**Task brief**. Only the lines of the data below from the one with "text \<open>Probability measures" through the one with "Lim at_top (\<lambda>t." are wanted. Repeat them exactly.

'''

(* For all probability measures $P,Q$, all $\alpha>0$ and all $\gamma\ge1$, writing $E:=E_\gamma(P\|Q)$: $$\mathscr{H}_\alpha(P\|Q)\ \ge\ \frac{1}{\alpha-1}\Bigl[\bigl(1+\tfrac{E}{\gamma}\bigr)^{1-\alpha} + \bigl(\tfrac{1-E}{\gamma}\bigr)^{1-\alpha} - 1 - \gamma^{\alpha-1}\Bigr]\quad(\alpha\ne1),$$ $$D(P\|Q)\ \ge\ -\ln\Bigl(\bigl(1+\tfrac{E}{\gamma}\bigr)(1-E)\Bigr)\quad(\text{in nats}),$$ and, for $\alpha\ne1$, $$D_\alpha(P\|Q)\ \ge\ \frac{1}{\alpha-1}\log\Bigl(\bigl(1+\tfrac{E}{\gamma}\bigr)^{1-\alpha}+\gamma^{\alpha-1}\bigl[(1-E)^{1-\alpha}-1\bigr]\Bigr),$$ while for $\alpha=1$, $D_1(P\|Q)=D(P\|Q)\ge -\log\bigl((1+\tfrac{E}{\gamma})(1-E)\bigr)$. (Expressions equal to $+\infty$ when $E=1$ and the corresponding power/logarithm diverges.)
   Context: $\log$ is to an arbitrary fixed base, $\ln$ is the natural logarithm. For densities $p,q$ w.r.t. a dominating measure $\mu$: $E_\gamma(P\|Q):=\int(p-\gamma q)^+\,\mathrm{d}\mu$ for $\gamma\ge1$; the Hellinger divergence of order $\alpha\in(0,1)\cup(1,\infty)$ is $\mathscr{H}_\alpha(P\|Q):=D_{f_\alpha}(P\|Q)$ with $f_\alpha(t)=\frac{t^\alpha-1}{\alpha-1}$, where $D_f(P\|Q):=\int qf(p/q)\,\mathrm{d}\mu$ (standard conventions at $0$); $D(P\|Q)$ is the relative entropy $D_f$ with $f(t)=t\log t$; the Rényi divergence is $D_\alpha(P\|Q):=\frac{1}{\alpha-1}\log\bigl(1+(\alpha-1)\mathscr{H}_\alpha(P\|Q)\bigr)$ for $\alpha\neq1$, and $D_1:=D$. *)

theory Defs
  imports "HOL-Analysis.Analysis"
begin

text \<open>Probability measures P, Q are given by densities p, q w.r.t. a dominating measure M.\<close>

definition E_gamma :: "'a measure \<Rightarrow> ('a \<Rightarrow> real) \<Rightarrow> ('a \<Rightarrow> real) \<Rightarrow> real \<Rightarrow> real" where
  "E_gamma M p q \<gamma> = integral\<^sup>L M (\<lambda>x. max 0 (p x - \<gamma> * q x))"

text \<open>Standard conventions at 0: f(0) := lim_{t->0+} f(t), 0 f(a/0) := a lim_{t->oo} f(t)/t.\<close>

definition f_zero :: "(real \<Rightarrow> real) \<Rightarrow> ereal" where
  "f_zero f = Lim (at_right 0) (\<lambda>t. ereal (f t))"

definition f_slope_inf :: "(real \<Rightarrow> real) \<Rightarrow> ereal" where
  "f_slope_inf f = Lim at_top (\<lambda>t. ereal (f t / t))"

definition f_integrand :: "(real \<Rightarrow> real) \<Rightarrow> ('a \<Rightarrow> real) \<Rightarrow> ('a \<Rightarrow> real) \<Rightarrow> 'a \<Rightarrow> ereal" where
  "f_integrand f p q x =
     (if q x > 0 then (if p x > 0 then ereal (q x * f (p x / q x)) else ereal (q x) * f_zero f)
      else (if p x > 0 then ereal (p x) * f_slope_inf f else 0))"

definition f_div :: "(real \<Rightarrow> real) \<Rightarrow> 'a measure \<Rightarrow> ('a \<Rightarrow> real) \<Rightarrow> ('a \<Rightarrow> real) \<Rightarrow> ereal" where
  "f_div f M p q =
     enn2ereal (\<integral>\<^sup>+ x. e2ennreal (f_integrand f p q x) \<partial>M)
     - enn2ereal (\<integral>\<^sup>+ x. e2ennreal (- f_integrand f p q x) \<partial>M)"

definition hellinger :: "real \<Rightarrow> 'a measure \<Rightarrow> ('a \<Rightarrow> real) \<Rightarrow> ('a \<Rightarrow> real) \<Rightarrow> ereal" where
  "hellinger \<alpha> = f_div (\<lambda>t. (t powr \<alpha> - 1) / (\<alpha> - 1))"

definition relent :: "real \<Rightarrow> 'a measure \<Rightarrow> ('a \<Rightarrow> real) \<Rightarrow> ('a \<Rightarrow> real) \<Rightarrow> ereal" where
  "relent b = f_div (\<lambda>t. t * log b t)"

text \<open>Renyi divergence D_alpha = 1/(alpha-1) log(1 + (alpha-1) H_alpha), with extended-real
  conventions: H = oo gives oo; log 0 = -oo, so a nonpositive argument (only possible for
  alpha < 1) gives +oo.\<close>
definition renyi :: "real \<Rightarrow> real \<Rightarrow> 'a measure \<Rightarrow> ('a \<Rightarrow> real) \<Rightarrow> ('a \<Rightarrow> real) \<Rightarrow> ereal" where
  "renyi b \<alpha> M p q =
     (if \<alpha> = 1 then relent b M p q
      else (let H = hellinger \<alpha> M p q in
            if H = \<infinity> then \<infinity>
            else (let y = 1 + (\<alpha> - 1) * real_of_ereal H in
                  if y \<le> 0 then \<infinity> else ereal (log b y / (\<alpha> - 1)))))"

end

theory Submission
  imports Defs "HOL-Real_Asymp.Real_Asymp"
begin

text \<open>With the star conjugate \<open>f\<^sup>*(t) = t f(1/t)\<close> one has \<open>D\<^sub>f(P\<parallel>Q) = \<integral> p f\<^sup>*(q/p)\<close>. Split
  \<open>f\<^sup>*(t) = f\<^sup>*(min t (1/\<gamma>)) + f\<^sup>*(max t (1/\<gamma>)) - f\<^sup>*(1/\<gamma>)\<close>. Since
  \<open>p min (q/p) (1/\<gamma>) = (p - (p - \<gamma> q)\<^sup>+)/\<gamma>\<close>, the two truncated likelihood ratios have \<open>P\<close>-means
  \<open>(1 - E)/\<gamma>\<close> and \<open>1 + E/\<gamma>\<close>, so Jensen's inequality for the convex \<open>f\<^sup>*\<close> (through its tangent
  lines at these means) gives \<open>D\<^sub>f \<ge> f\<^sup>*((1 - E)/\<gamma>) + f\<^sup>*(1 + E/\<gamma>) - f\<^sup>*(1/\<gamma>)\<close>. For the
  Hellinger generator and for \<open>t log t\<close> this is the stated bound, and the Renyi bound follows
  because \<open>D\<^sub>\<alpha>\<close> is an increasing function of \<open>H\<^sub>\<alpha>\<close>. If \<open>E = 1\<close>, then \<open>P\<close> and \<open>Q\<close> are mutually
  singular, which makes \<open>D\<close> and \<open>H\<^sub>\<alpha>\<close> for \<open>\<alpha> > 1\<close> infinite.\<close>

section \<open>Integrable minorants of \<open>f\<close>-divergences\<close>

lemma ennreal_le_e2ennreal: "ereal r \<le> y \<Longrightarrow> ennreal r \<le> e2ennreal y"
  by (metis e2ennreal_ereal e2ennreal_mono)

lemma e2ennreal_uminus_le: "ereal r \<le> y \<Longrightarrow> e2ennreal (- y) \<le> ennreal (- r)"
  by (metis e2ennreal_ereal e2ennreal_mono ereal_minus_le_minus uminus_ereal.simps(1))

lemma enn2ereal_of_finite: "x < top \<Longrightarrow> enn2ereal x = ereal (enn2real x)"
  by (metis enn2ereal_ennreal enn2real_nonneg ennreal_enn2real)

lemma f_div_neg_part_finite:
  assumes "integrable M l" and "AE x in M. ereal (l x) \<le> f_integrand f p q x"
  shows "(\<integral>\<^sup>+ x. e2ennreal (- f_integrand f p q x) \<partial>M) < \<infinity>"
proof -
  have "(\<integral>\<^sup>+ x. e2ennreal (- f_integrand f p q x) \<partial>M) \<le> (\<integral>\<^sup>+ x. ennreal (- l x) \<partial>M)"
    using assms(2) by (intro nn_integral_mono_AE) (auto elim: eventually_mono e2ennreal_uminus_le)
  also have "\<dots> < \<infinity>"
    using assms(1) by (simp add: real_integrable_def top.not_eq_extremum)
  finally show ?thesis .
qed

'''

**Output for this exercise**.
text \<open>Probability measures P, Q are given by densities p, q w.r.t. a dominating measure M.\<close>

definition E_gamma :: "'a measure \<Rightarrow> ('a \<Rightarrow> real) \<Rightarrow> ('a \<Rightarrow> real) \<Rightarrow> real \<Rightarrow> real" where
  "E_gamma M p q \<gamma> = integral\<^sup>L M (\<lambda>x. max 0 (p x - \<gamma> * q x))"

text \<open>Standard conventions at 0: f(0) := lim_{t->0+} f(t), 0 f(a/0) := a lim_{t->oo} f(t)/t.\<close>

definition f_zero :: "(real \<Rightarrow> real) \<Rightarrow> ereal" where
  "f_zero f = Lim (at_right 0) (\<lambda>t. ereal (f t))"

definition f_slope_inf :: "(real \<Rightarrow> real) \<Rightarrow> ereal" where
  "f_slope_inf f = Lim at_top (\<lambda>t. ereal (f t / t))"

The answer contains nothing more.